---------- PROVIDED DATA

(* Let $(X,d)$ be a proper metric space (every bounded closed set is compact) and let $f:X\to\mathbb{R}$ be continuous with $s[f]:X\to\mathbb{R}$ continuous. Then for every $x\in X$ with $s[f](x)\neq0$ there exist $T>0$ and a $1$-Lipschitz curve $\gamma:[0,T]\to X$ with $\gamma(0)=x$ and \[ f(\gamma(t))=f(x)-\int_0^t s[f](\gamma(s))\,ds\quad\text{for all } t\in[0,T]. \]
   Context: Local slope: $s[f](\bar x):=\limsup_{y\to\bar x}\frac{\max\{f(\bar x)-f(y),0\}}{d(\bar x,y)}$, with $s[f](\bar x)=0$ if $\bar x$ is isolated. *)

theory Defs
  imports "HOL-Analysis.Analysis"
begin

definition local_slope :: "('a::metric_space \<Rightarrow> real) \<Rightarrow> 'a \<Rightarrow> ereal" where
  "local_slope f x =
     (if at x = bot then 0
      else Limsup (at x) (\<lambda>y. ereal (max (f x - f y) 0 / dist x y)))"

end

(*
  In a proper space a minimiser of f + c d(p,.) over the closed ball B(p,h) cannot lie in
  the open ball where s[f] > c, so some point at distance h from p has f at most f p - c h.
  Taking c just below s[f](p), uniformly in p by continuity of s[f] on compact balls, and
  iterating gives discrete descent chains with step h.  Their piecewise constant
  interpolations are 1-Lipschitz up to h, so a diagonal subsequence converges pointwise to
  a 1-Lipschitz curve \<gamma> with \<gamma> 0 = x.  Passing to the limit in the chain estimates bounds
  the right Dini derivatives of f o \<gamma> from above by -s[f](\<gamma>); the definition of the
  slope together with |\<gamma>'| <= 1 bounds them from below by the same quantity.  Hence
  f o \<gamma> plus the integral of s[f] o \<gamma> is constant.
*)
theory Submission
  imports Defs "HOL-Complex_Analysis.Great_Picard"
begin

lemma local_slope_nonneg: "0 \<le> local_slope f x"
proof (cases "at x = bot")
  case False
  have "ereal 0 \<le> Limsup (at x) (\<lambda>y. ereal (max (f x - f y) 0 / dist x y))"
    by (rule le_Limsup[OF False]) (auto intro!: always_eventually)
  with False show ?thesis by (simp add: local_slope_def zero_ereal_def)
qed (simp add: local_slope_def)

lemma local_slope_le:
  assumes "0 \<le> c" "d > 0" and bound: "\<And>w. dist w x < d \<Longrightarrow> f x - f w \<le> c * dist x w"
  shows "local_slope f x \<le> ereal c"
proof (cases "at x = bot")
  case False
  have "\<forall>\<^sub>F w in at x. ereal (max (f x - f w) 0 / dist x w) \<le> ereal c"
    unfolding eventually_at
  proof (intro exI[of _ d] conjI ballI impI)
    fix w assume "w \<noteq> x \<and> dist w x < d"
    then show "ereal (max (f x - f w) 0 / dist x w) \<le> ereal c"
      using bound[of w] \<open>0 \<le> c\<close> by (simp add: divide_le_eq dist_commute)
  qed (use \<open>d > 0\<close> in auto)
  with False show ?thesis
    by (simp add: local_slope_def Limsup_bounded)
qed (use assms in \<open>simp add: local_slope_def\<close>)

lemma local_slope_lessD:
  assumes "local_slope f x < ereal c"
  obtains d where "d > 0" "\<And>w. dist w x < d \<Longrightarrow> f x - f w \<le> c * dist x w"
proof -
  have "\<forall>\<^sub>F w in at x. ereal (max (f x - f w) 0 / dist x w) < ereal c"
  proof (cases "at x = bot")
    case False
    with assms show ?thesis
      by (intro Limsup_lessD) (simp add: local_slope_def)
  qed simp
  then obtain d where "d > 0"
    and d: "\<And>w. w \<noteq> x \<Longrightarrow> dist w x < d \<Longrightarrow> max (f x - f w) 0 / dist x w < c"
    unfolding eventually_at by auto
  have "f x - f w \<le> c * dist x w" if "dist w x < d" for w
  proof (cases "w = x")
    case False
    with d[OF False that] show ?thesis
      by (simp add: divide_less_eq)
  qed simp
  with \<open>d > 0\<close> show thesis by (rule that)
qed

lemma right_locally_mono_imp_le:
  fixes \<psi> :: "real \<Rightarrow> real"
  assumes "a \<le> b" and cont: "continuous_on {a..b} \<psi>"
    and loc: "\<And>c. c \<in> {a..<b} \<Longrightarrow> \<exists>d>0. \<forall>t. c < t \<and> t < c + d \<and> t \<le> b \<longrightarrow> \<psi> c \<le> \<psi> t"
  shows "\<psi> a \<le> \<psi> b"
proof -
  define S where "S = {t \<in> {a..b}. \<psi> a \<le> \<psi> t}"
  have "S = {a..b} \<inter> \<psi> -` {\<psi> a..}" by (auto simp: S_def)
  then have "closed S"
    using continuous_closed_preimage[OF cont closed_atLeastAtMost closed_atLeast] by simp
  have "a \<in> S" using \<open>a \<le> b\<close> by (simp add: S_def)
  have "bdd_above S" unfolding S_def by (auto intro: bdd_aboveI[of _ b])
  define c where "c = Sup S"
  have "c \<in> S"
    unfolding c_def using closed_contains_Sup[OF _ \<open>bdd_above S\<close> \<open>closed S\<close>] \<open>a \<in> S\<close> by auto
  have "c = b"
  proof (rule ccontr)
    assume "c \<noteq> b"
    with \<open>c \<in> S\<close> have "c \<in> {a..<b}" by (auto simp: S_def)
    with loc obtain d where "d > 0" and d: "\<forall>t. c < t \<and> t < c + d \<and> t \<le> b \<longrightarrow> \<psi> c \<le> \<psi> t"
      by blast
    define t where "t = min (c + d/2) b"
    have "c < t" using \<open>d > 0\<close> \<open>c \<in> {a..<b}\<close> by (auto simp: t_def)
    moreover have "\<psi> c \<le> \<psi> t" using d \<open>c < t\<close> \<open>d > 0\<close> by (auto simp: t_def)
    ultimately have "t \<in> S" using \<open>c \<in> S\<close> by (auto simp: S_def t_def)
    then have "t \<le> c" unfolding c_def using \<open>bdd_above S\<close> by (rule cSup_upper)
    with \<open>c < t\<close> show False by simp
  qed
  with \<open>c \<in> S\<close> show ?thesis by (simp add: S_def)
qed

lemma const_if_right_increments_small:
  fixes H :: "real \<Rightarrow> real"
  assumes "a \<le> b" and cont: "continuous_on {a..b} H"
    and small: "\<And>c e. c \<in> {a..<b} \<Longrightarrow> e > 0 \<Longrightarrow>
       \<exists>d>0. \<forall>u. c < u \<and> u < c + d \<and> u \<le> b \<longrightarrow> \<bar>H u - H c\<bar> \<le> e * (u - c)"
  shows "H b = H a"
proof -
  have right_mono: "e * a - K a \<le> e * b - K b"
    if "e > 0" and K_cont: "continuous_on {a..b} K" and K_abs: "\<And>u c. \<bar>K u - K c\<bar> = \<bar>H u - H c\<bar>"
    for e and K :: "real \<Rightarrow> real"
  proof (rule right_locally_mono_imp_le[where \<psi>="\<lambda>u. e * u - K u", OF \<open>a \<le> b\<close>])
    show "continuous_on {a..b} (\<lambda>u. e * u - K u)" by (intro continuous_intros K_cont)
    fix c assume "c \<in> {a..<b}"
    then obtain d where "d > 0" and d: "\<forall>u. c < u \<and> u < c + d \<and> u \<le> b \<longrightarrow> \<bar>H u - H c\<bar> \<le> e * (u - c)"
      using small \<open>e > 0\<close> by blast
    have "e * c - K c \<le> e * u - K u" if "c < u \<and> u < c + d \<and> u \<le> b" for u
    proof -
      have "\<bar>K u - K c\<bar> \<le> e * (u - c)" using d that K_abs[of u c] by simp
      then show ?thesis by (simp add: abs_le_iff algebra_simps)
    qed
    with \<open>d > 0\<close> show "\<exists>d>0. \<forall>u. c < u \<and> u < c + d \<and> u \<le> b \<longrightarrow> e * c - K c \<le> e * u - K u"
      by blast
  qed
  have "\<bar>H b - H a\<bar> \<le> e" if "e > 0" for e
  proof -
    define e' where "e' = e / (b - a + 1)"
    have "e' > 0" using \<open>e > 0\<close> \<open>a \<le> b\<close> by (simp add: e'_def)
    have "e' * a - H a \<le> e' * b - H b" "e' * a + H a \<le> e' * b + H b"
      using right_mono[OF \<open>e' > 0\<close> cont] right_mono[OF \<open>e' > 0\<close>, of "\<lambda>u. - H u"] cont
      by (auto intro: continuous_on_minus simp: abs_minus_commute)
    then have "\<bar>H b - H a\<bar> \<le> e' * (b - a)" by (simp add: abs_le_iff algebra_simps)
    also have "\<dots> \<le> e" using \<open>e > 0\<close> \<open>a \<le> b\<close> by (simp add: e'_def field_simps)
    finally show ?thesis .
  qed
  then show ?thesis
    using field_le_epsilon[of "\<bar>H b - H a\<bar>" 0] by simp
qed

--------------------
---------- PROVIDED DATA

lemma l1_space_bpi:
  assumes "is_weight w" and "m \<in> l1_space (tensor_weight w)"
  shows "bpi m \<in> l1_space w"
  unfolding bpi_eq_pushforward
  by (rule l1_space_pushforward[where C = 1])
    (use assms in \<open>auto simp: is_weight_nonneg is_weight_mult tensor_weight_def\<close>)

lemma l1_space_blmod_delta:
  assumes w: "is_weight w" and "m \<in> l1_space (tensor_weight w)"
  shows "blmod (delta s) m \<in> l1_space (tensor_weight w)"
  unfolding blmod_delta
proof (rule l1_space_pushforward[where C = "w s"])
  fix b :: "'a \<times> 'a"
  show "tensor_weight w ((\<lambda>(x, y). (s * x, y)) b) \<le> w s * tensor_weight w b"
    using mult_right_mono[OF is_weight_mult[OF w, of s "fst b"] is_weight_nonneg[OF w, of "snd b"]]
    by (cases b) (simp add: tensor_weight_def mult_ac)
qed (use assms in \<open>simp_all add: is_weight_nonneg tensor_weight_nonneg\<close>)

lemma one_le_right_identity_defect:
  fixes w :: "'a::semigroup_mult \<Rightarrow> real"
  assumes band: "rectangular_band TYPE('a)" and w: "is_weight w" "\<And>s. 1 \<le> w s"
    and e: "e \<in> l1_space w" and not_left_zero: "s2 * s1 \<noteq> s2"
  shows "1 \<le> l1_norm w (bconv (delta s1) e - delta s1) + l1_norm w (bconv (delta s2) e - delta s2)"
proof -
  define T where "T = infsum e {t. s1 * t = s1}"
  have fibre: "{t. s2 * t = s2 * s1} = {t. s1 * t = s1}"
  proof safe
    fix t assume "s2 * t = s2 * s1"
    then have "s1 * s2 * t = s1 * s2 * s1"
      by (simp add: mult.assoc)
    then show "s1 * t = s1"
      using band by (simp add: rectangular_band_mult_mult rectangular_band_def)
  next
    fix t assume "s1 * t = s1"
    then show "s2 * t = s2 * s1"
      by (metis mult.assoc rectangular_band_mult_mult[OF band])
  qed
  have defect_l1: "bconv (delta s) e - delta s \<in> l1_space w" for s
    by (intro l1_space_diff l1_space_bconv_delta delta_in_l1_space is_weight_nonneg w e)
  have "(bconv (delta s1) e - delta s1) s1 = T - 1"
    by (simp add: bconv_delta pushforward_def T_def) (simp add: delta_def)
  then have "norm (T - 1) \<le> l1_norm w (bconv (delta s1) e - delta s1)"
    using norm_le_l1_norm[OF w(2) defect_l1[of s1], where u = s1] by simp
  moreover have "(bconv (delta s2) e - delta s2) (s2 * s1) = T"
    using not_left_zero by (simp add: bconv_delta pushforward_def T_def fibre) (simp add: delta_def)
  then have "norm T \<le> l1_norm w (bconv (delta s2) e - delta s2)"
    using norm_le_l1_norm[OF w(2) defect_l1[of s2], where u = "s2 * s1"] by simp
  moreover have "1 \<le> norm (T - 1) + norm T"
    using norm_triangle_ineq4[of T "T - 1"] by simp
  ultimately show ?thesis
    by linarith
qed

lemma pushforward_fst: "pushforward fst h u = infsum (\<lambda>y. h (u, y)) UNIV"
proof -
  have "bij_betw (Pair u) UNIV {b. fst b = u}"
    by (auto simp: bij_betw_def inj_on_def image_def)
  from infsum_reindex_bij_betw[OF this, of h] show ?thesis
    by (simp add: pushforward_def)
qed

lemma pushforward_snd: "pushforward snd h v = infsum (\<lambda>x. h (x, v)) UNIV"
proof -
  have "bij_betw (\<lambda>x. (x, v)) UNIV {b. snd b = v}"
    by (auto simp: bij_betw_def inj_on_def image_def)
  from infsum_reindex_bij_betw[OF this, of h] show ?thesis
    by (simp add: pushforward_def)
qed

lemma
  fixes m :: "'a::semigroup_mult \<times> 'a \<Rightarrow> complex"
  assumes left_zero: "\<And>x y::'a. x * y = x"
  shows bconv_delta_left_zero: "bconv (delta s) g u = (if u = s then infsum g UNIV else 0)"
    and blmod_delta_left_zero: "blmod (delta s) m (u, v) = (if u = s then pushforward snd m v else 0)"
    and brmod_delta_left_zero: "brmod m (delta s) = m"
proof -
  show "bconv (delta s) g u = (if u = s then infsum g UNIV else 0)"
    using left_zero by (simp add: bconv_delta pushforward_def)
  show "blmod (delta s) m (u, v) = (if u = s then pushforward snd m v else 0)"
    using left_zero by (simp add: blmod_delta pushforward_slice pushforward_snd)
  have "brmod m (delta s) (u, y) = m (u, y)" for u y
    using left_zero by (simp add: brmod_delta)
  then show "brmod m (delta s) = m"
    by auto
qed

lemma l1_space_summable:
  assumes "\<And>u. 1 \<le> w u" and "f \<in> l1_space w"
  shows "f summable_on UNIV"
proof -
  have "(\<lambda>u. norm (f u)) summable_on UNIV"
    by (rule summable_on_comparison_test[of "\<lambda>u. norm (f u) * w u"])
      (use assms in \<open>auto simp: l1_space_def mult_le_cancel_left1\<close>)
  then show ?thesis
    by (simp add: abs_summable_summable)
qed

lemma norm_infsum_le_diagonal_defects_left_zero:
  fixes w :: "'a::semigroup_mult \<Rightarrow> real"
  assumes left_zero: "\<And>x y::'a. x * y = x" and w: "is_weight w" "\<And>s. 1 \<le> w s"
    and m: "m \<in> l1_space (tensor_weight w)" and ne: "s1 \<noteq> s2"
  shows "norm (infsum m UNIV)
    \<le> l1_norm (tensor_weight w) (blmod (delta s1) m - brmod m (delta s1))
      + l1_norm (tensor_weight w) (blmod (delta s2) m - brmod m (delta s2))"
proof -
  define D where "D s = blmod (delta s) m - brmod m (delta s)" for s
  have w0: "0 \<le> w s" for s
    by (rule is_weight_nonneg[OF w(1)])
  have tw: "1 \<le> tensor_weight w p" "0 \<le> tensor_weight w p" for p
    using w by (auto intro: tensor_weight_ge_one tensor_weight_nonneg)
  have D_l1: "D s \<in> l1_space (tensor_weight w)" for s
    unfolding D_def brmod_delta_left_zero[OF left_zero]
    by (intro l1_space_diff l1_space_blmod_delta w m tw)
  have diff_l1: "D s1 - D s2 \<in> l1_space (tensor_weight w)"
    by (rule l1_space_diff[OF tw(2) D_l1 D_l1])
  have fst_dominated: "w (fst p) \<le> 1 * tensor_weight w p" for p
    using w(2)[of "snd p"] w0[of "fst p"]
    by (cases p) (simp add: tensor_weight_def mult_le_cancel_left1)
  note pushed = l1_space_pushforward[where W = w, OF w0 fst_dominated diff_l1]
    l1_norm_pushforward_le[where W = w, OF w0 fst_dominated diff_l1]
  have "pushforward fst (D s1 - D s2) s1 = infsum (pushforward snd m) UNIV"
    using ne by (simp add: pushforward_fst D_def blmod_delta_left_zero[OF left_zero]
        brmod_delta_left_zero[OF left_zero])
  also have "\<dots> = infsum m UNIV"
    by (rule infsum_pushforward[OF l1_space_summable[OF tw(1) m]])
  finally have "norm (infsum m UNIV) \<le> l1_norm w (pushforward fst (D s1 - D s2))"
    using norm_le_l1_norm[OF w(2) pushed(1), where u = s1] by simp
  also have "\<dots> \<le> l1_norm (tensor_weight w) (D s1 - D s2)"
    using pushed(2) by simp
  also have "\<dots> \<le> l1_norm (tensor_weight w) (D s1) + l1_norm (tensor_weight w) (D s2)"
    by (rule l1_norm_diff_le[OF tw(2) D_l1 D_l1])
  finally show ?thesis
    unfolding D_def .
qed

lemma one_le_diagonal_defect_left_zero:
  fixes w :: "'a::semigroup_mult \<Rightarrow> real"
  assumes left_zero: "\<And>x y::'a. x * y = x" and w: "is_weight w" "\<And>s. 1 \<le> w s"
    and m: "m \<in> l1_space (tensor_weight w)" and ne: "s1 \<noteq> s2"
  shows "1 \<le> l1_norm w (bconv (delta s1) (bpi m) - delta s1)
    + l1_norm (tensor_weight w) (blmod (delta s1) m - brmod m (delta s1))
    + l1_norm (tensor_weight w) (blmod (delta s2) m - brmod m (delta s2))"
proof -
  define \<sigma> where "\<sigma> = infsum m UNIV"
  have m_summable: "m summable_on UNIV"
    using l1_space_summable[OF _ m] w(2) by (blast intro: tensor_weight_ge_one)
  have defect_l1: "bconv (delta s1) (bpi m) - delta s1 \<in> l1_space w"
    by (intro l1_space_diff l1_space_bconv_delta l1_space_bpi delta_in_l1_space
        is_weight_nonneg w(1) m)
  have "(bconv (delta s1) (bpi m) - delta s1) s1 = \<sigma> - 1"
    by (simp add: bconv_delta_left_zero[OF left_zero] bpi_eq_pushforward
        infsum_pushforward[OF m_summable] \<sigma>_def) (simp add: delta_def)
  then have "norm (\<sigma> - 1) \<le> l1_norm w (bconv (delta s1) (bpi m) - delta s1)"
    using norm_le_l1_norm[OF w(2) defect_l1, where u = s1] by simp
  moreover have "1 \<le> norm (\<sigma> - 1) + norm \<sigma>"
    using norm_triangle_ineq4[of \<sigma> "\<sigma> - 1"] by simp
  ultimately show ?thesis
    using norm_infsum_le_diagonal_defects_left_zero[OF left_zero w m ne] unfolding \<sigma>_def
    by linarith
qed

--------------------

### BRIEF
All lines with the word "define" must be located in the data and copied.

### PROBLEM SOLUTION
  define S where "S = {t \<in> {a..b}. \<psi> a \<le> \<psi> t}"
  define c where "c = Sup S"
    define t where "t = min (c + d/2) b"
    define e' where "e' = e / (b - a + 1)"
  define T where "T = infsum e {t. s1 * t = s1}"
  define D where "D s = blmod (delta s) m - brmod m (delta s)" for s
  define \<sigma> where "\<sigma> = infsum m UNIV"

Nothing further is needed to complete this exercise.